Loops and grids

Surveys and questionnaires often contain individual questions and sets of questions that are asked more than once. For example, questionnaires often contain grid questions that ask respondents to choose a rating on a predefined scale for a number of products in a list, and sets of questions that respondents are asked to answer for each product in a list of products or for each person in a household.

Loops

The number of times the question or set of questions is to be asked can be controlled in three main ways:

• By the categories in a category list. For example, "For each brand in the following list, please answer the following..."

• By a numeric expression that has a known upper limit. For example, "For each of the first three journeys you described earlier, please answer the following..."

• By a numeric expression that has an unknown upper limit. For example, "For each drink you consumed last week, please answer the following..."

Each of these constructions is a loop that defines the question or set of questions and the number of times they are to be asked (or, in more technical terms, the number of times the loop is to be iterated). When you analyze the data in IBM® SPSS® Data Collection Survey Reporter, whether the questions in the loop were asked simultaneously as a grid or sequentially (one after the other) is not really relevant.

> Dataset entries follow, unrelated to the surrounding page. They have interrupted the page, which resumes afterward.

lemma binomial_basis_coeffs_Ints:
  fixes D :: "nat list \<Rightarrow> 'a :: field_char_0"
  assumes K: "finite K" "\<And>ks. ks \<in> K \<Longrightarrow> length ks = N"
    and at_lattice: "\<And>x. length x = N
      \<Longrightarrow> (\<Sum>ks\<in>K. D ks * binomial_basis N ks (\<lambda>j. of_nat (x ! j))) \<in> \<int>"
  shows "ks \<in> K \<Longrightarrow> D ks \<in> \<int>"
proof (induction "sum_list ks" arbitrary: ks rule: less_induct)
  case less
  let ?value_at_ks = "\<lambda>k. D k * binomial_basis N k (\<lambda>j. of_nat (ks ! j))"
  have len: "length ks = N"
    using K less by blast
  have other_Ints: "?value_at_ks k \<in> \<int>" if k: "k \<in> K - {ks}" for k
  proof (cases "\<forall>j<N. k ! j \<le> ks ! j")
    case True
    then have "sum_list k < sum_list ks"
      using k K len by (intro sum_list_less_of_nth_le) auto
    then have "D k \<in> \<int>"
      using less k by blast
    then show ?thesis
      unfolding binomial_basis_of_nat by (intro Ints_mult Ints_of_nat)
  next
    case False
    then obtain j where "j < N" "ks ! j < k ! j"
      by auto
    then have vanishes: "(\<Prod>j<N. ks ! j choose k ! j) = 0"
      by auto
    show ?thesis
      unfolding binomial_basis_of_nat vanishes by simp
  qed
  have "(\<Sum>k\<in>K. ?value_at_ks k) = D ks + (\<Sum>k\<in>K - {ks}. ?value_at_ks k)"
    using less K by (simp add: sum.remove binomial_basis_of_nat)
  moreover have "(\<Sum>k\<in>K - {ks}. ?value_at_ks k) \<in> \<int>"
    using other_Ints by (intro Ints_sum)
  moreover have "(\<Sum>k\<in>K. ?value_at_ks k) \<in> \<int>"
    using at_lattice len by blast
  ultimately show ?case
    by (metis Ints_diff add_diff_cancel_right')
qed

To understand how it works, let's consider the following loop, which is presented here in a grid-like format:

This loop contains two questions, Name and Gender, which are asked up to 6 times. This means that the loop has 6 iterations.

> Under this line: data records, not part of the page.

lemma gs_residual_in_first_span:
  assumes "\<And>q. q < k \<Longrightarrow> gs_list n v k ! q \<in> first_span n v k"
  shows "gs_residual n v k \<in> first_span n v (Suc k)"
proof -
  have "(\<lambda>i. \<Sum>e\<leftarrow>gs_list n v k. ipn n (v (Suc k)) e * e i) \<in> first_span n v k"
    using assms by (intro sum_list_in_first_span) (auto simp: in_set_conv_nth)
  then have "(\<lambda>i. v (Suc k) i + -1 * (\<Sum>e\<leftarrow>gs_list n v k. ipn n (v (Suc k)) e * e i)) \<in> first_span n v (Suc k)"
    by (intro first_span_add first_span_last first_span_scale first_span_Suc)
  then show ?thesis by (simp add: gs_residual_def)
qed

lemma gs_list_in_first_span: "q < k \<Longrightarrow> gs_list n v k ! q \<in> first_span n v k"
proof (induction k arbitrary: q)
  case (Suc k)
  show ?case
  proof (cases "q < k")
    case True
    then show ?thesis
      unfolding nth_gs_list_Suc_less[OF True] by (intro first_span_Suc Suc.IH)
  next
    case False
    then have "q = k" using Suc.prems by simp
    have "gs_residual n v k \<in> first_span n v (Suc k)"
      using Suc.IH by (rule gs_residual_in_first_span)
    then show ?thesis
      unfolding \<open>q = k\<close> nth_gs_list_Suc_last divide_inverse mult.commute[of _ "inverse _"]
      by (rule first_span_scale)
  qed
qed simp

lemma not_in_first_span_if_det_nonzero:
  fixes v :: "nat \<Rightarrow> nat \<Rightarrow> real"
  assumes det: "det (mat n n (\<lambda>(i, j). v (j + 1) i)) \<noteq> 0" and "k < n"
  shows "v (Suc k) \<notin> first_span n v k"
proof
  assume "v (Suc k) \<in> first_span n v k"
  then obtain c where c: "\<And>i. i < n \<Longrightarrow> v (Suc k) i = (\<Sum>j<k. c j * v (Suc j) i)"
    unfolding first_span_def by blast
  define A where "A = mat n n (\<lambda>(i, j). v (j + 1) i)"
  define w :: "real vec" where "w = vec n (\<lambda>j. if j < k then c j else if j = k then -1 else 0)"
  have "A *\<^sub>v w = 0\<^sub>v n"
  proof (rule eq_vecI)
    fix i assume "i < dim_vec (0\<^sub>v n)"
    then have i: "i < n" by simp
    have "vec_index (A *\<^sub>v w) i = (\<Sum>j<n. v (Suc j) i * vec_index w j)"
      using i by (simp add: A_def w_def scalar_prod_def atLeast0LessThan)
    also have "\<dots> = (\<Sum>j<Suc k. v (Suc j) i * vec_index w j)"
      using \<open>k < n\<close> by (intro sum.mono_neutral_right) (auto simp: w_def)
    also have "\<dots> = 0"
      using \<open>k < n\<close> c[OF i] by (simp add: w_def mult.commute)
    finally show "vec_index (A *\<^sub>v w) i = vec_index (0\<^sub>v n) i" using i by simp
  qed (simp add: A_def)
  moreover have "w \<noteq> 0\<^sub>v n"
    using \<open>k < n\<close> by (auto simp: w_def dest!: arg_cong[where f = "\<lambda>x. vec_index x k"])
  moreover have "A \<in> carrier_mat n n" "w \<in> carrier_vec n"
    by (simp_all add: A_def w_def)
  ultimately have "det A = 0"
    using det_0_iff_vec_prod_zero by blast
  then show False using det by (simp add: A_def)
qed

lemma gs_residual_nonzero:
  assumes "det (mat n n (\<lambda>(i, j). v (j + 1) i)) \<noteq> 0" and "k < n"
  shows "\<exists>i<n. gs_residual n v k i \<noteq> 0"
proof (rule ccontr)
  assume "\<not> ?thesis"
  then have "\<forall>i<n. v (Suc k) i = (\<Sum>e\<leftarrow>gs_list n v k. ipn n (v (Suc k)) e * e i)"
    by (simp add: gs_residual_def)
  moreover have "(\<lambda>i. \<Sum>e\<leftarrow>gs_list n v k. ipn n (v (Suc k)) e * e i) \<in> first_span n v k"
    by (intro sum_list_in_first_span) (auto simp: in_set_conv_nth gs_list_in_first_span)
  ultimately have "v (Suc k) \<in> first_span n v k"
    unfolding first_span_def by simp
  with not_in_first_span_if_det_nonzero[OF assms] show False ..
qed

lemma smooth_on_real_gs_list:
  fixes v :: "real \<Rightarrow> nat \<Rightarrow> nat \<Rightarrow> real"
  assumes U: "open U"
    and v: "\<And>j i. i < n \<Longrightarrow> smooth_on_real U (\<lambda>t. v t j i)"
    and det: "\<And>t. t \<in> U \<Longrightarrow> det (mat n n (\<lambda>(i, j). v t (j + 1) i)) \<noteq> 0"
  shows "k \<le> n \<Longrightarrow> q < k \<Longrightarrow> i < n \<Longrightarrow> smooth_on_real U (\<lambda>t. (gs_list n (v t) k ! q) i)"
proof (induction k arbitrary: q i)
  case (Suc k)
  have IH: "smooth_on_real U (\<lambda>t. (gs_list n (v t) k ! q) i)" if "q < k" "i < n" for q i
    using Suc.IH Suc.prems(1) that by simp
  have ipn: "smooth_on_real U (\<lambda>t. ipn n (a t) (b t))"
    if "\<And>i. i < n \<Longrightarrow> smooth_on_real U (\<lambda>t. a t i)" "\<And>i. i < n \<Longrightarrow> smooth_on_real U (\<lambda>t. b t i)" for a b
    unfolding ipn_def using that by (intro smooth_on_real_sum[OF U] smooth_on_real_mult[OF U]) auto
  have residual: "smooth_on_real U (\<lambda>t. gs_residual n (v t) k i)" if "i < n" for i
  proof -
    have "smooth_on_real U (\<lambda>t. \<Sum>q<k. ipn n (v t (Suc k)) (gs_list n (v t) k ! q) * (gs_list n (v t) k ! q) i)"
      using that by (intro smooth_on_real_sum[OF U] smooth_on_real_mult[OF U] ipn v IH) auto
    moreover have "gs_residual n (v t) k i = v t (Suc k) i -
        (\<Sum>q<k. ipn n (v t (Suc k)) (gs_list n (v t) k ! q) * (gs_list n (v t) k ! q) i)" for t
      by (simp add: gs_residual_def sum_list_sum_nth atLeast0LessThan)
    ultimately show ?thesis
      using smooth_on_real_diff[OF U v[OF that]] by presburger
  qed
  have positive: "0 < ipn n (gs_residual n (v t) k) (gs_residual n (v t) k)" if "t \<in> U" for t
    using gs_residual_nonzero[OF det[OF that], of k] Suc.prems(1) ipn_self_pos by auto
  have norm: "smooth_on_real U (\<lambda>t. sqrt (ipn n (gs_residual n (v t) k) (gs_residual n (v t) k)))"
    using positive by (intro smooth_on_real_sqrt[OF U] ipn residual)
  show ?case
  proof (cases "q < k")
    case True
    then show ?thesis
      unfolding nth_gs_list_Suc_less[OF True] using Suc.prems(3) by (rule IH)
  next
    case False
    then have "q = k" using Suc.prems(2) by simp
    show ?thesis
      unfolding \<open>q = k\<close> nth_gs_list_Suc_last
      using positive by (intro smooth_on_real_divide[OF U residual[OF Suc.prems(3)] norm]) force
  qed
qed simp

When the response data is presented in a non-hierarchical form, it is "flattened" and a separate variable stores the responses to each question in each possible iteration. In this example, there would be 12 variables (2 * 6). For example, if the loop is called MyLoop, the following variables would store the responses:

MyLoop[1].Name
MyLoop[2].Name
MyLoop[3].Name
MyLoop[4].Name
MyLoop[5].Name
MyLoop[6].Name
MyLoop[1].Gender
MyLoop[2].Gender
MyLoop[3].Gender
MyLoop[4].Gender
MyLoop[5].Gender
MyLoop[6].Gender

These are the full names of the variables and they are constructed from the names of the loop and the questions inside the loop. Brackets ([ ]) are used to indicate an iteration and a single period (.) to indicate a parent/child relationship.

This method of representing hierarchical data is simple and effective. However, it has some disadvantages, the most obvious one being that the number of variables is fixed. In our household example, this means that storage space is reserved for the responsestill not visiof six individuals in each household even though many households have fewer people. Conversely, responses cannot be stored for any additional people in large households. Another disadvantage is that performing summary calculations on the data can be difficult.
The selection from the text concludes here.